Records provided

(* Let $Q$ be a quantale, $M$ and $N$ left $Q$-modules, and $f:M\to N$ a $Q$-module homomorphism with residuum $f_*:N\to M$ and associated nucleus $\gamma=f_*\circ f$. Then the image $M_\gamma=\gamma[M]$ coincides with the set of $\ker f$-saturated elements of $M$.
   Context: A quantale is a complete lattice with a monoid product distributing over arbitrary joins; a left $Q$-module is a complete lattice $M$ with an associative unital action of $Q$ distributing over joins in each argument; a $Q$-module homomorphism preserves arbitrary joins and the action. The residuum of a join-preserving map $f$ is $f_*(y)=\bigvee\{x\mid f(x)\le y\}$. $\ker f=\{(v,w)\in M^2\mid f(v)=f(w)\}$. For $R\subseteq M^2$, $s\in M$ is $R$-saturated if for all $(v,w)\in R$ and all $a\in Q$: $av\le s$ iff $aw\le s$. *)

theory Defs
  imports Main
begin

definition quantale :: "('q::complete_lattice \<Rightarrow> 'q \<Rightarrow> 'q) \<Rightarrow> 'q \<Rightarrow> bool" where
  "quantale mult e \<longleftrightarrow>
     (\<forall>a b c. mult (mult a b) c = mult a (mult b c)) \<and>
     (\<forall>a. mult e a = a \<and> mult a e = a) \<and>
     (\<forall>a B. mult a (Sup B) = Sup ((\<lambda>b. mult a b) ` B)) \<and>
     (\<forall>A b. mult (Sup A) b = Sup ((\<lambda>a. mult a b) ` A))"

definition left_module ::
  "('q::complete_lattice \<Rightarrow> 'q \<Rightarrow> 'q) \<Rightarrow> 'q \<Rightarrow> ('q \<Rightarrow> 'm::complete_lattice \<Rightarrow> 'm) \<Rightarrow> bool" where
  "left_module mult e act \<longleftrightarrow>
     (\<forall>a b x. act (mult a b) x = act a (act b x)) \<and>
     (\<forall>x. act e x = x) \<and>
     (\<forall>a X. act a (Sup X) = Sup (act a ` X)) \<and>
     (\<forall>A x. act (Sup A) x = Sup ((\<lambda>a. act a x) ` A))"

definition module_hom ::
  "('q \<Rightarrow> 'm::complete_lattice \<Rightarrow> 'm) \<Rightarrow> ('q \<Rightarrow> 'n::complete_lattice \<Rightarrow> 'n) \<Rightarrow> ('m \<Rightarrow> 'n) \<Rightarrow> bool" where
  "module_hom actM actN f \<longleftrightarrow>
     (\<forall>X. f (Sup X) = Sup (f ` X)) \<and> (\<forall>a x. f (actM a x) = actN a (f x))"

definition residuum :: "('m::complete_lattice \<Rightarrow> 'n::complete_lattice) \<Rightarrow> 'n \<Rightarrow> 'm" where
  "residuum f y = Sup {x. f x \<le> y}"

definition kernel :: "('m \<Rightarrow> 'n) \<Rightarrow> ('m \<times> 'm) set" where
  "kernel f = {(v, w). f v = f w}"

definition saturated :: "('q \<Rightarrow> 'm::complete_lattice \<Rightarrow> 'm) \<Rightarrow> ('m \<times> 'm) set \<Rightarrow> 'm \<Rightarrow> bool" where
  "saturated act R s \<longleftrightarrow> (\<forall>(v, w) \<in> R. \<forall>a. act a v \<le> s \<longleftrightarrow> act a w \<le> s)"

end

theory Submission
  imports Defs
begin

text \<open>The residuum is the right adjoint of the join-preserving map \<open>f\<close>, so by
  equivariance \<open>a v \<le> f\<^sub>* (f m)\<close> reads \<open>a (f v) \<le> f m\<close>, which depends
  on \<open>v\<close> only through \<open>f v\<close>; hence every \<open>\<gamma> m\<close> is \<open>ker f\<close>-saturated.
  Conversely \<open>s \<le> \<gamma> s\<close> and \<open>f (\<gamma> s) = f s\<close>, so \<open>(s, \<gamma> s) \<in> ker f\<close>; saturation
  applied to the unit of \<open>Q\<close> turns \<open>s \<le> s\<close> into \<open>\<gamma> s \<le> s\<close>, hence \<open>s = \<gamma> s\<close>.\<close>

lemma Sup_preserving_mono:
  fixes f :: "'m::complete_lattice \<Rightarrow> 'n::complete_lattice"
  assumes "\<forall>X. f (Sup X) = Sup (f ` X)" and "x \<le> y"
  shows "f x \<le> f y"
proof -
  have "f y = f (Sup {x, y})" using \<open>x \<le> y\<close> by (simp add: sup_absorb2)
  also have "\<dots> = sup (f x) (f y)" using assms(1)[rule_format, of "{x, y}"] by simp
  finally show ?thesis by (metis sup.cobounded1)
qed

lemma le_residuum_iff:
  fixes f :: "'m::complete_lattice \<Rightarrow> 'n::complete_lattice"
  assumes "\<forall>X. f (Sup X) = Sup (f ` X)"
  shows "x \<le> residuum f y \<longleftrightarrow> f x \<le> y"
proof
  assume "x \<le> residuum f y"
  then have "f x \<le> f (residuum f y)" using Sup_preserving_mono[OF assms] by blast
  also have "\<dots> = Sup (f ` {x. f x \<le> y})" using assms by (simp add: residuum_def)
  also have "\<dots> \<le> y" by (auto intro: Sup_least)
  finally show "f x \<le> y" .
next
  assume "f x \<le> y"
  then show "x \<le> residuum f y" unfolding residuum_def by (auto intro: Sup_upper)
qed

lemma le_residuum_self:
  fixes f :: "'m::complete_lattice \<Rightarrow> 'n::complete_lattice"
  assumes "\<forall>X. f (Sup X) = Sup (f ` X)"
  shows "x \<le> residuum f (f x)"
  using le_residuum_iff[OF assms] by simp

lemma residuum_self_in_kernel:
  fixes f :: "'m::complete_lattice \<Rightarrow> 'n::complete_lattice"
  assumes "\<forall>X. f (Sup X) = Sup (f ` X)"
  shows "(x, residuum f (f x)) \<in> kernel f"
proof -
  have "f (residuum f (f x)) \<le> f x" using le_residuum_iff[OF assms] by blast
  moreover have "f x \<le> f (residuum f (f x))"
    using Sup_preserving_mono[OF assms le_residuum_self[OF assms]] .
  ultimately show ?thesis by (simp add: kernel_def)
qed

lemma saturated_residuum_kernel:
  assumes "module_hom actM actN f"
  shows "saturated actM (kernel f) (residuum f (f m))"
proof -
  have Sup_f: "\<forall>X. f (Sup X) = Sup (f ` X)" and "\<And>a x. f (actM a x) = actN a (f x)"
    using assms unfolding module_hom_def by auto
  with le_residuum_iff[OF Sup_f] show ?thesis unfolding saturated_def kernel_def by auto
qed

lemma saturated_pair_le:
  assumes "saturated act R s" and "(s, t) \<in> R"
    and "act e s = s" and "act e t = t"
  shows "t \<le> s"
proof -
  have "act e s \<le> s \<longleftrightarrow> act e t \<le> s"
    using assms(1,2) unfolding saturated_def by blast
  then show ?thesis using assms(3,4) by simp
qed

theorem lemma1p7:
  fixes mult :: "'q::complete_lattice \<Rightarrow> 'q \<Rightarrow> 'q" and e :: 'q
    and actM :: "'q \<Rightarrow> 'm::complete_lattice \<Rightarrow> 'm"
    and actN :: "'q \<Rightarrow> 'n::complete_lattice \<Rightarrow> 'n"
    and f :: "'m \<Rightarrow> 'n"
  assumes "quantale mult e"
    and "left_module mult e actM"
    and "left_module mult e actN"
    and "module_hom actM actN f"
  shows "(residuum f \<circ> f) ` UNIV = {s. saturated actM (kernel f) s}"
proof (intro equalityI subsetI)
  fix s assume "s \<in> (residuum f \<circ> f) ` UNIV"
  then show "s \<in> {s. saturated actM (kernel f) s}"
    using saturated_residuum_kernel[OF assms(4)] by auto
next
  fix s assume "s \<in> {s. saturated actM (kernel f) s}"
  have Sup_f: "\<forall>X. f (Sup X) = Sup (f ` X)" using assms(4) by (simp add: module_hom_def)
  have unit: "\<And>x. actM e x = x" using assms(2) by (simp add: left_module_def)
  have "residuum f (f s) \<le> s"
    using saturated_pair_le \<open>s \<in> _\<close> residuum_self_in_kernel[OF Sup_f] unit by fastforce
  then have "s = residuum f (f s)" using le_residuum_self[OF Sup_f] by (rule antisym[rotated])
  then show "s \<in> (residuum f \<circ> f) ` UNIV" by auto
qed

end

Task objective
In the answer, give the lines from the first line of the data through the line with "(\<forall>a b c.", exactly as they appear and with no additions.

Your response
(* Let $Q$ be a quantale, $M$ and $N$ left $Q$-modules, and $f:M\to N$ a $Q$-module homomorphism with residuum $f_*:N\to M$ and associated nucleus $\gamma=f_*\circ f$. Then the image $M_\gamma=\gamma[M]$ coincides with the set of $\ker f$-saturated elements of $M$.
   Context: A quantale is a complete lattice with a monoid product distributing over arbitrary joins; a left $Q$-module is a complete lattice $M$ with an associative unital action of $Q$ distributing over joins in each argument; a $Q$-module homomorphism preserves arbitrary joins and the action. The residuum of a join-preserving map $f$ is $f_*(y)=\bigvee\{x\mid f(x)\le y\}$. $\ker f=\{(v,w)\in M^2\mid f(v)=f(w)\}$. For $R\subseteq M^2$, $s\in M$ is $R$-saturated if for all $(v,w)\in R$ and all $a\in Q$: $av\le s$ iff $aw\le s$. *)

theory Defs
  imports Main
begin

definition quantale :: "('q::complete_lattice \<Rightarrow> 'q \<Rightarrow> 'q) \<Rightarrow> 'q \<Rightarrow> bool" where
  "quantale mult e \<longleftrightarrow>
     (\<forall>a b c. mult (mult a b) c = mult a (mult b c)) \<and>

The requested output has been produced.